Красный лик: мемуары и публицистика - Всеволод Никанорович Иванов
Шрифт:
Интервал:
Закладка:
Всё это привело к неизгладимой порче нравов племени Гуарани.
* * *
Для наших понятий и воззрений такое насилие над людьми – неслыханно. Но что касается отцов иезуитов – они были убеждены, что они правы, они делают дело культуры. По крайней мере один из них, отец Добрицхофер, оставивший нам описание того, что Россия потом узнала на своей шкуре, писал:
– Давайте-ка лучше подумаем и постараемся в Европе установить то, что иезуиты устроили без принуждения (?!!) и без денег у гуаранцев, а именно, чтобы один работал для всех, а все для одного, чтобы никому ничего не приходилось ни продавать, ни покупать, чтобы деньги вышли из употребления и чтобы истиной стало – «всё можно получить только за труд»…
Но истинная наука показывает нам, что для коммуны всегда надо два слоя населения и что она состоит в том, что один слой угнетает другой.
Равным образом – угнетающий всегда будет говорить, что в коммунистическом строе – залог свободы, и, действительно, угнетающий свободен, потому что он принадлежит к угнетающему классу.
Равным образом в коммуне угнетаемый слой всегда будет вести свою жизнь в слезах и вздыхать под гнётом верхнего слоя и ненавидеть угнетателей.
Таким образом, коммуна – есть постоянная война одних с другими, что мы и видим в настоящее время на примере русских «Гуарани».
Только тогда, когда насилие будет отвергнуто и будет возглашён один для всех – правящий закон, только тогда жизнь государства может идти путём культуры, прогресса и мира.
И это не знают только те, которые думают, что СССР говорит в настоящее время «новое слово».
Человечество давно знает такие «достижения». Это «достижения» лишь для невежд.
Гун-Бао. 1928. 21 июня.
Осанна Горького
Помните, когда Иван Фёдорович Карамазов почти бегом в вьюжный вечер возвращается к себе после последнего разговора со Смердяковым, – помните, кто оказывается сидящим у него на диване?
Какой-то джентльмен довольно пошловатого вида, иначе говоря – чёрт, собственной своей персоной…
У него много житейской практической мудрости, у этого пошловатого господина, и характерно подмечает он одну черту русского характера, которая выражается в готовности «рявкнуть осанну» после самого длительного и упорного протеста…
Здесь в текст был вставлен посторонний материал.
(* For all $x\ge y\ge 1$ and $n>x+y$, the maximum possible number of edges in any $(x,y)$ task-dependency graph of order $n$ produced by the $(x,y)$ edge-addition process is $\binom{n}{2}+1-\binom{x}{2}-\binom{y+1}{2}$.
   Context: A task-dependency graph is a finite directed acyclic graph (no loops, no multiple edges). A vertex is initial if it has in-degree $0$ and terminal if it has out-degree $0$ (an isolated vertex is both). An $(x,y)$ task-dependency graph has exactly $x$ initial and exactly $y$ terminal vertices. The $(x,y)$ edge-addition process on $n$ vertices: start with the empty graph on $\{1,\dots,n\}$ and repeatedly add, uniformly at random, an edge $(a,b)$ with $a<b$ not yet present; if an addition would cause fewer than $x$ initial vertices or fewer than $y$ terminal vertices, it is cancelled. The process halts if the graph after some edge addition is an $(x,y)$ task-dependency graph, or if no more edges can be added; the produced graph is the final graph (over all possible runs). *)

theory Defs
  imports Main
begin

text \<open>Graphs on vertex set {1..n}; an edge (a,b) always has a < b, so every such
  graph is a DAG without loops or multiple edges.\<close>

definition valid_edge :: "nat \<Rightarrow> nat \<times> nat \<Rightarrow> bool" where
  "valid_edge n e \<longleftrightarrow> 1 \<le> fst e \<and> fst e < snd e \<and> snd e \<le> n"

definition initial_vs :: "nat \<Rightarrow> (nat \<times> nat) set \<Rightarrow> nat set" where
  "initial_vs n E = {v \<in> {1..n}. \<forall>a. (a, v) \<notin> E}"

definition terminal_vs :: "nat \<Rightarrow> (nat \<times> nat) set \<Rightarrow> nat set" where
  "terminal_vs n E = {v \<in> {1..n}. \<forall>b. (v, b) \<notin> E}"

definition is_tdg :: "nat \<Rightarrow> nat \<Rightarrow> nat \<Rightarrow> (nat \<times> nat) set \<Rightarrow> bool" where
  "is_tdg n x y E \<longleftrightarrow> (\<forall>e\<in>E. valid_edge n e)
     \<and> card (initial_vs n E) = x \<and> card (terminal_vs n E) = y"

definition admissible :: "nat \<Rightarrow> nat \<Rightarrow> nat \<Rightarrow> (nat \<times> nat) set \<Rightarrow> nat \<times> nat \<Rightarrow> bool" where
  "admissible n x y E e \<longleftrightarrow> valid_edge n e \<and> e \<notin> E
     \<and> x \<le> card (initial_vs n (insert e E)) \<and> y \<le> card (terminal_vs n (insert e E))"

text \<open>Graphs reachable by some run of the (x,y) edge-addition process (cancelled additions
  leave the graph unchanged; the process stops once an (x,y) task-dependency graph is reached).\<close>
inductive reachable :: "nat \<Rightarrow> nat \<Rightarrow> nat \<Rightarrow> (nat \<times> nat) set \<Rightarrow> bool"
  for n x y where
  start: "reachable n x y {}"
| step: "reachable n x y E \<Longrightarrow> \<not> (E \<noteq> {} \<and> is_tdg n x y E) \<Longrightarrow> admissible n x y E e
         \<Longrightarrow> reachable n x y (insert e E)"

definition final_graph :: "nat \<Rightarrow> nat \<Rightarrow> nat \<Rightarrow> (nat \<times> nat) set \<Rightarrow> bool" where
  "final_graph n x y E \<longleftrightarrow> reachable n x y E \<and>
     ((E \<noteq> {} \<and> is_tdg n x y E) \<or> (\<forall>e. \<not> admissible n x y E e))"

end

theory Submission
  imports Defs
begin

text \<open>A graph on \<open>{1..n}\<close> with initial set \<open>I\<close> and terminal set \<open>T\<close> only has edges
  \<open>(u, v)\<close> with \<open>u \<notin> T\<close> and \<open>v \<notin> I\<close>; counting these pairs vertex by vertex shows that
  at least \<open>a\<close> initial and \<open>b\<close> terminal vertices, with \<open>a + b \<le> n + 1\<close>, leave room for at most
  \<open>C(n,2) - C(a,2) - C(b,2)\<close> edges. A final (x,y) task-dependency graph is one edge more than a
  reachable graph with at least x initial and y terminal vertices and strictly more of one kind;
  as \<open>y \<le> x\<close>, the bound for that predecessor is worst with \<open>y + 1\<close> terminal vertices, which
  gives the claimed maximum. It is attained by taking every edge except those entering
  \<open>1..x\<close> or lying inside \<open>n - y..n\<close>, and then adding the edge \<open>(n - y, n)\<close>.\<close>

lemma Suc_choose_two: "Suc k choose 2 = (k choose 2) + k"
  by (simp add: numeral_2_eq_2)

definition pairs_in :: "'a::linorder set \<Rightarrow> ('a \<times> 'a) set" where
  "pairs_in A = {(u, v). u \<in> A \<and> v \<in> A \<and> u < v}"

lemma finite_pairs_in: "finite A \<Longrightarrow> finite (pairs_in A)"
  by (rule finite_subset[of _ "A \<times> A"]) (auto simp: pairs_in_def)

lemma pairs_in_insert_max:
  "\<forall>a\<in>A. a < b \<Longrightarrow> pairs_in (insert b A) = pairs_in A \<union> (\<lambda>a. (a, b)) ` A"
  by (auto simp: pairs_in_def)

lemma card_pairs_in: "finite A \<Longrightarrow> card (pairs_in A) = card A choose 2"
proof (induction A rule: finite_linorder_max_induct)
  case empty
  then show ?case by (simp add: pairs_in_def)
next
  case (insert b A)
  have "pairs_in A \<inter> (\<lambda>a. (a, b)) ` A = {}"
    using insert.hyps(2) by (auto simp: pairs_in_def)
  then have "card (pairs_in (insert b A)) = card (pairs_in A) + card A"
    using insert.hyps
    by (simp add: pairs_in_insert_max card_Un_disjoint finite_pairs_in card_image inj_on_def)
  moreover have "b \<notin> A"
    using insert.hyps(2) by blast
  ultimately show ?case
    using insert by (simp add: Suc_choose_two)
qed

lemma valid_edge_iff_pairs_in: "valid_edge n e \<longleftrightarrow> e \<in> pairs_in {1..n}"
  by (cases e) (auto simp: valid_edge_def pairs_in_def)

definition compatible_pairs :: "nat \<Rightarrow> nat set \<Rightarrow> nat set \<Rightarrow> (nat \<times> nat) set" where
  "compatible_pairs n I T = {(u, v) \<in> pairs_in {1..n}. u \<notin> T \<and> v \<notin> I}"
Чёрт Ивана Фёдоровича, вероятно, много посмеялся бы поведению господина Горького, обнаруженному им за последние дни в Москве. Несомненно, что за последние времена русские люди чрезвычайно натренировались в известной обиходливости и революционном этикете; но приехавший из-за границы Горький – превзошёл их в своём пафосе настолько, что, вероятно, даже и виды видавшим москвичам становится неловко – до такой степени громка и восторженна его «осанна».
Словом – пропел осанну – и пересолил, так что иные, с образом мыслей поблагороднее – даже руки ему не хотели подавать на первых порах: слишком уж поспешно в консерваторы перескочил… «Русская натура!» – так говорил чёрт. (Братья Карамазовы, стр. 763.)
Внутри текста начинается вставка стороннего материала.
text \<open>Since \<^const>\<open>mderiv\<close> is built from \<^const>\<open>deriv\<close>, it is linear only on differentiable functions;
  linearity and the Leibniz rule are proved for this class.\<close>

definition polynomial_fun :: "nat \<Rightarrow> (nat \<Rightarrow> nat) \<Rightarrow> ((nat \<times> nat \<Rightarrow> real) \<Rightarrow> real) \<Rightarrow> bool" where
  "polynomial_fun r p F \<longleftrightarrow> (\<exists>M c. finite M \<and> M \<subseteq> multi_indices r p \<and> F = poly_expr r p M c id)"

lemma polynomial_funE:
  assumes "polynomial_fun r p F"
  obtains M c where "finite M" "M \<subseteq> multi_indices r p" "F = poly_expr r p M c id"
  using assms unfolding polynomial_fun_def by blast

lemma poly_expr_image:
  assumes "finite J"
  shows "poly_expr r p J c e = poly_expr r p (e ` J) (\<lambda>m. \<Sum>j\<in>{j\<in>J. e j = m}. c j) id"
proof
  fix w
  have "poly_expr r p J c e w = (\<Sum>m\<in>e ` J. \<Sum>j\<in>{j\<in>J. e j = m}. c j * monomial r p (e j) w)"
    unfolding poly_expr_def by (rule sum.image_gen[OF assms])
  also have "\<dots> = poly_expr r p (e ` J) (\<lambda>m. \<Sum>j\<in>{j\<in>J. e j = m}. c j) id w"
    unfolding poly_expr_def by (auto simp: sum_distrib_right intro!: sum.cong)
  finally show "poly_expr r p J c e w = poly_expr r p (e ` J) (\<lambda>m. \<Sum>j\<in>{j\<in>J. e j = m}. c j) id w" .
qed

lemma polynomial_funI:
  assumes "finite J" "\<And>j. j \<in> J \<Longrightarrow> e j \<in> multi_indices r p"
  shows "polynomial_fun r p (poly_expr r p J c e)"
  unfolding polynomial_fun_def poly_expr_image[OF assms(1)] using assms by blast

lemma polynomial_fun_monomial:
  assumes "m \<in> multi_indices r p"
  shows "polynomial_fun r p (monomial r p m)"
proof -
  have "monomial r p m = poly_expr r p {()} (\<lambda>_. 1) (\<lambda>_. m)"
    by (simp add: poly_expr_def fun_eq_iff)
  then show ?thesis
    using assms polynomial_funI[of "{()}" "\<lambda>_. m"] by simp
qed

lemma poly_expr_mult:
  "poly_expr r p J1 c1 e1 w * poly_expr r p J2 c2 e2 w =
    poly_expr r p (J1 \<times> J2) (\<lambda>(j1, j2). c1 j1 * c2 j2) (\<lambda>(j1, j2) u. e1 j1 u + e2 j2 u) w"
  unfolding poly_expr_def sum_product sum.cartesian_product
  by (auto simp: monomial_add intro!: sum.cong)

lemma polynomial_fun_mult:
  assumes "polynomial_fun r p F" "polynomial_fun r p G"
  shows "polynomial_fun r p (\<lambda>w. F w * G w)"
proof -
  obtain M1 c1 where M1: "finite M1" "M1 \<subseteq> multi_indices r p" "F = poly_expr r p M1 c1 id"
    using assms(1) by (rule polynomial_funE)
  obtain M2 c2 where M2: "finite M2" "M2 \<subseteq> multi_indices r p" "G = poly_expr r p M2 c2 id"
    using assms(2) by (rule polynomial_funE)
  have "(\<lambda>w. F w * G w) = poly_expr r p (M1 \<times> M2) (\<lambda>(j1, j2). c1 j1 * c2 j2) (\<lambda>(j1, j2) u. j1 u + j2 u)"
    using M1 M2 by (simp add: poly_expr_mult)
  then show ?thesis
    using M1 M2 by (auto intro!: polynomial_funI multi_indices_add)
qed

lemma polynomial_fun_prod:
  "finite A \<Longrightarrow> (\<And>a. a \<in> A \<Longrightarrow> polynomial_fun r p (F a)) \<Longrightarrow> polynomial_fun r p (\<lambda>w. \<Prod>a\<in>A. F a w)"
proof (induction A rule: finite_induct)
  case empty
  have "(\<lambda>w. 1) = monomial r p (\<lambda>_. 0)"
    by (simp add: fun_eq_iff)
  then show ?case
    using polynomial_fun_monomial[OF multi_indices_zero] by simp
next
  case (insert a A)
  then show ?case
    by (simp add: polynomial_fun_mult)
qed

lemma polynomial_fun_power: "polynomial_fun r p F \<Longrightarrow> polynomial_fun r p (\<lambda>w. F w ^ n)"
  using polynomial_fun_prod[of "{..<n}" r p "\<lambda>_. F"] by simp

lemma poly_expr_Sigma:
  assumes "finite X" "\<And>x. x \<in> X \<Longrightarrow> finite (J x)"
  shows "(\<Sum>x\<in>X. a x * poly_expr r p (J x) (c x) (e x) w) =
    poly_expr r p (Sigma X J) (\<lambda>(x, j). a x * c x j) (\<lambda>(x, j). e x j) w"
proof -
  have "(\<Sum>x\<in>X. a x * poly_expr r p (J x) (c x) (e x) w) =
      (\<Sum>x\<in>X. \<Sum>j\<in>J x. a x * c x j * monomial r p (e x j) w)"
    by (simp add: poly_expr_def sum_distrib_left mult.assoc)
  also have "\<dots> = (\<Sum>(x, j)\<in>Sigma X J. a x * c x j * monomial r p (e x j) w)"
    using assms by (intro sum.Sigma) auto
  finally show ?thesis
    by (simp add: poly_expr_def split_beta)
qed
То, что происходит теперь с Горьким, является каким-то тревожным, печальным фарсом. Шестидесятилетний писатель, взгляды которого более или менее известны, человек, который, по словам его же приятеля Скитальца, в присутствии членов совнаркома, грянув кулаком по столу, предрекал всей этой компании гнев народный, человек этот, выскочивший из России и проживший несколько спокойных лет в тихом голубом Сорренто, – этот человек, явившись в Москву, вдруг здря ума – хватает «осанну»… Да какую!
На съезде железнодорожников – он заявляет, что «он, того гляди, сдохнет со счастья», что живёт в такой замечательной стране и с такими замечательными работниками.
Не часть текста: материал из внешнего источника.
lemma knorm_ge_left:
  assumes "1 \<le> k" "0 \<le> a" "0 \<le> b"
  shows "a \<le> knorm k a b"
proof -
  have "root k (a ^ k) \<le> knorm k a b"
    unfolding knorm_def using assms by simp
  then show ?thesis using assms by (simp add: real_root_power_cancel)
qed

lemma knorm_le_add:
  assumes "1 \<le> k" "0 \<le> a" "0 \<le> b"
  shows "knorm k a b \<le> a + b"
proof -
  have "knorm k a b \<le> root k ((a + b) ^ k)"
    unfolding knorm_def using assms by (simp add: add_power_le_power_add)
  then show ?thesis using assms by (simp add: real_root_power_cancel)
qed

lemma binomial_sum_both_below_le_knorm:
  fixes a b :: real
  assumes "1 \<le> k" "0 \<le> a" "0 \<le> b"
  shows "binomial_sum s b a (\<lambda>i. s - i < k \<and> i < k)
    \<le> binomial_sum s (knorm k a b) (a + b - knorm k a b) (\<lambda>i. i < k)"
  using assms knorm_ge_left[of k a b] knorm_ge_left[of k b a] knorm_le_add[of k a b]
  by (intro binomial_sum_both_below_le) (auto simp: knorm_power knorm_commute)

lemma balls_prob_max_load_from_less_eq_sum:
  fixes r :: "nat \<Rightarrow> real" and n m k j :: nat
  assumes "1 \<le> j" "j + 1 \<le> m"
  defines "rest_below g \<equiv> \<forall>l\<in>{j + 2..m}. load n g l < k"
  shows "balls_prob n m r (\<lambda>f. max_load_from n m f j < k)
      = (\<Sum>g\<in>{..<n} \<rightarrow>\<^sub>E ({1..m} - {j + 1}). if rest_below g
          then (\<Prod>t\<in>{t\<in>{..<n}. g t \<noteq> j}. r (g t))
            * binomial_sum (load n g j) (r (j + 1)) (r j) (\<lambda>i. load n g j - i < k \<and> i < k)
          else 0)" (is "_ = ?below_from_j")
    and "balls_prob n m r (\<lambda>f. max_load_from n m f (j + 1) < k)
      = (\<Sum>g\<in>{..<n} \<rightarrow>\<^sub>E ({1..m} - {j + 1}). if rest_below g
          then (\<Prod>t\<in>{t\<in>{..<n}. g t \<noteq> j}. r (g t))
            * binomial_sum (load n g j) (r (j + 1)) (r j) (\<lambda>i. i < k)
          else 0)" (is "_ = ?below_from_next")
proof -
  have rest_below_local:
    "rest_below f = rest_below f'" if "\<And>l. l \<noteq> j \<Longrightarrow> l \<noteq> j + 1 \<Longrightarrow> load n f l = load n f' l" for f f'
    using that unfolding rest_below_def by auto
  have "{j..m} = {j, j + 1} \<union> {j + 2..m}" "{j + 1..m} = insert (j + 1) {j + 2..m}"
    using assms(1,2) by auto
  then have events:
    "max_load_from n m f j < k \<longleftrightarrow> rest_below f \<and> load n f j < k \<and> load n f (j + 1) < k"
    "max_load_from n m f (j + 1) < k \<longleftrightarrow> rest_below f \<and> load n f (j + 1) < k" for f
    using assms(1,2) by (auto simp: max_load_from_less_iff rest_below_def)
  show "balls_prob n m r (\<lambda>f. max_load_from n m f j < k) = ?below_from_j"
    unfolding events
    by (rule balls_prob_condition_on_pair[where Q="\<lambda>x y. x < k \<and> y < k", OF assms(1,2) rest_below_local])
  show "balls_prob n m r (\<lambda>f. max_load_from n m f (j + 1) < k) = ?below_from_next"
    unfolding events
    by (rule balls_prob_condition_on_pair[where Q="\<lambda>x y. y < k", OF assms(1,2) rest_below_local])
qed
При посещении усопшего Ильича Горький – этот старый волжский крючник, вдруг обнаруживает трогательную слабость нервов:
– Когда я увидал в мавзолее мёртвое лицо, я был отчаянно взволнован, обессилен тоской и был уверен, что по крайней мере на один день никуда не гожусь…
Однако посещения института им. Маркса и Энгельса, где хозяйничает тов. Рязанов и собирает «реликвии», было достаточно, чтобы Горький:
– Через несколько минут увидел, какую гигантскую работу проделал тов. Рязанов в институте Маркса и Энгельса, и моя тоска и отчаяние совершенно выдохлись…
Как передают газеты, Горькому, кроме звания «почётного московского пекаря», была поднесена от красной армии винтовка, и газеты воспроизводят его фотографию, когда он состязается с тов. Ворошиловым в стрельбе в тире.
Этих чествований было столько, что газеты пишут, что политбюро даже воспретило дальнейшие чествования, дабы не слишком утомлять Горького.
Одним словом:
– Осанна! Осанна! Осанна! – вопит Горький в Москве, в то самое время, когда сотни ребятишек уже выбрасываются к стенам Кремля из центральных губерний, на которые надвинулся голод, в то время как народ изнывает в очередях, в то время, когда крестьянин не имеет ни «золота, ни сырого продукта», когда разыгрывается инсценированный шахтинский процесс.
В чём же дело?
В чём причина лихорадочной радости?
* * *
Да не в том ли, что русская революция потеряла свою динамичность?
Русский народ – народ порыва, но не народ темперамента. И порыв у этого народа – непременно скорый и практичный. Когда лозунги, выбрасываемые коммунистами, были подходящи, в порыве своём шёл за ними и народ. Но – время прошло:
Сняты маски и смыты румяна;
И томительно тянутся скучные дни
Пошлой прозы, тоски и обмана…
Революция – уже не пышная, весёлая, увлекательная любовница для русского народа: она стала женой, скучной, надоевшей, непривлекательной и в то же время неотвратимо помнящей о своих молодых днях и надоедающей публике этими воспоминаниями…
Нельзя же любить революцию на одиннадцатом году её существования. Если Сильвия Панкхерст и била стёкла в Англии – то ведь она занималась этим делом до поры до времени, до тех пор, покамест не пошло навстречу правительство и общественное мнение и не пообещали предоставить места в парламенте и женскому сословию.
Миссис Панкхерст вовсе не нужно было упражняться в этом хлопотливом деле до самой своей кончины – и в старости она имела часы досуга и мирного любования плодами своих шумных выступлений.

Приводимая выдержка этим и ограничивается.